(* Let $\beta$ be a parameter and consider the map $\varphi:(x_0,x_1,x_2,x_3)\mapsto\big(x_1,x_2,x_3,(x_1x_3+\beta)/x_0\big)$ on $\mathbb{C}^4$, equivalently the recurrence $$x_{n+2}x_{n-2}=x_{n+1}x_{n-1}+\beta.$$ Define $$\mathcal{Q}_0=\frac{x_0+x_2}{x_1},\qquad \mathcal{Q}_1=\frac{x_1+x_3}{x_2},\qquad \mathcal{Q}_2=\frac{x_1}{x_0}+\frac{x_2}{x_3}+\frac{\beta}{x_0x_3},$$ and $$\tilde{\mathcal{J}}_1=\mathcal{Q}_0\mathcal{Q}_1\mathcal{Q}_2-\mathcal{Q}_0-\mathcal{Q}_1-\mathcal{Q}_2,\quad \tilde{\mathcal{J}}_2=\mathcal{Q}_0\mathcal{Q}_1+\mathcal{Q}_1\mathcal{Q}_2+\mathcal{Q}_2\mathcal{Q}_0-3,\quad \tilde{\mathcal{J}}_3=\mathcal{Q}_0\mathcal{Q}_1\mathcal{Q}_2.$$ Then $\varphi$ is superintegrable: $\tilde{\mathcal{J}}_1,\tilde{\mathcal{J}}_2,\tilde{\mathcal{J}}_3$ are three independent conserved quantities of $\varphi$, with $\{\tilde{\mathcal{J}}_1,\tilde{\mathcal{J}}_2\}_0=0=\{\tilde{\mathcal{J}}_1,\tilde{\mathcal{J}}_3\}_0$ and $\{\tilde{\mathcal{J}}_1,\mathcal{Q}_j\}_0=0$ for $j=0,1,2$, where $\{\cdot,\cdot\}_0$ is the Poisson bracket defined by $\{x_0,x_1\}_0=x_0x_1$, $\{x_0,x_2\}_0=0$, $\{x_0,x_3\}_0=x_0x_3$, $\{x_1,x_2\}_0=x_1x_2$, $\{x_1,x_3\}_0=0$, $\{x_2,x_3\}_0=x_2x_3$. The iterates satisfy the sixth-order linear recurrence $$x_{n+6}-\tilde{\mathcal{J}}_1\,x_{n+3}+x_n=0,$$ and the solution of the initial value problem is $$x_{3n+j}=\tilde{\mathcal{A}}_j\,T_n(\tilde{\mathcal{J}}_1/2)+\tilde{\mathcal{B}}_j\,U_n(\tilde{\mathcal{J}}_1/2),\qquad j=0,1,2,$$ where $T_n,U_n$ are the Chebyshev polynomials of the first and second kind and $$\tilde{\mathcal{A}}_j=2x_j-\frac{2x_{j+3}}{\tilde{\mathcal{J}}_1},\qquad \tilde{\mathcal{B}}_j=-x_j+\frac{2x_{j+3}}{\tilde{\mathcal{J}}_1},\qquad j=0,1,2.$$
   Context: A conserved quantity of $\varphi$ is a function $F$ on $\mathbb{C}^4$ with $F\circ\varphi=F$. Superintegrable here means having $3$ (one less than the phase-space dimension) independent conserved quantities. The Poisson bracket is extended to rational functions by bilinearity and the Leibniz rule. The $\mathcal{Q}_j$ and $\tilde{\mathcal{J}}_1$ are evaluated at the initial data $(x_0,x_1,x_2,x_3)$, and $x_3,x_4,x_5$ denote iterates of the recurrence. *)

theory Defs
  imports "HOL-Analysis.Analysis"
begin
------
Using the data above, return each line exactly as written.

Response to this exercise >>
(* Let $\beta$ be a parameter and consider the map $\varphi:(x_0,x_1,x_2,x_3)\mapsto\big(x_1,x_2,x_3,(x_1x_3+\beta)/x_0\big)$ on $\mathbb{C}^4$, equivalently the recurrence $$x_{n+2}x_{n-2}=x_{n+1}x_{n-1}+\beta.$$ Define $$\mathcal{Q}_0=\frac{x_0+x_2}{x_1},\qquad \mathcal{Q}_1=\frac{x_1+x_3}{x_2},\qquad \mathcal{Q}_2=\frac{x_1}{x_0}+\frac{x_2}{x_3}+\frac{\beta}{x_0x_3},$$ and $$\tilde{\mathcal{J}}_1=\mathcal{Q}_0\mathcal{Q}_1\mathcal{Q}_2-\mathcal{Q}_0-\mathcal{Q}_1-\mathcal{Q}_2,\quad \tilde{\mathcal{J}}_2=\mathcal{Q}_0\mathcal{Q}_1+\mathcal{Q}_1\mathcal{Q}_2+\mathcal{Q}_2\mathcal{Q}_0-3,\quad \tilde{\mathcal{J}}_3=\mathcal{Q}_0\mathcal{Q}_1\mathcal{Q}_2.$$ Then $\varphi$ is superintegrable: $\tilde{\mathcal{J}}_1,\tilde{\mathcal{J}}_2,\tilde{\mathcal{J}}_3$ are three independent conserved quantities of $\varphi$, with $\{\tilde{\mathcal{J}}_1,\tilde{\mathcal{J}}_2\}_0=0=\{\tilde{\mathcal{J}}_1,\tilde{\mathcal{J}}_3\}_0$ and $\{\tilde{\mathcal{J}}_1,\mathcal{Q}_j\}_0=0$ for $j=0,1,2$, where $\{\cdot,\cdot\}_0$ is the Poisson bracket defined by $\{x_0,x_1\}_0=x_0x_1$, $\{x_0,x_2\}_0=0$, $\{x_0,x_3\}_0=x_0x_3$, $\{x_1,x_2\}_0=x_1x_2$, $\{x_1,x_3\}_0=0$, $\{x_2,x_3\}_0=x_2x_3$. The iterates satisfy the sixth-order linear recurrence $$x_{n+6}-\tilde{\mathcal{J}}_1\,x_{n+3}+x_n=0,$$ and the solution of the initial value problem is $$x_{3n+j}=\tilde{\mathcal{A}}_j\,T_n(\tilde{\mathcal{J}}_1/2)+\tilde{\mathcal{B}}_j\,U_n(\tilde{\mathcal{J}}_1/2),\qquad j=0,1,2,$$ where $T_n,U_n$ are the Chebyshev polynomials of the first and second kind and $$\tilde{\mathcal{A}}_j=2x_j-\frac{2x_{j+3}}{\tilde{\mathcal{J}}_1},\qquad \tilde{\mathcal{B}}_j=-x_j+\frac{2x_{j+3}}{\tilde{\mathcal{J}}_1},\qquad j=0,1,2.$$
   Context: A conserved quantity of $\varphi$ is a function $F$ on $\mathbb{C}^4$ with $F\circ\varphi=F$. Superintegrable here means having $3$ (one less than the phase-space dimension) independent conserved quantities. The Poisson bracket is extended to rational functions by bilinearity and the Leibniz rule. The $\mathcal{Q}_j$ and $\tilde{\mathcal{J}}_1$ are evaluated at the initial data $(x_0,x_1,x_2,x_3)$, and $x_3,x_4,x_5$ denote iterates of the recurrence. *)

theory Defs
  imports "HOL-Analysis.Analysis"
begin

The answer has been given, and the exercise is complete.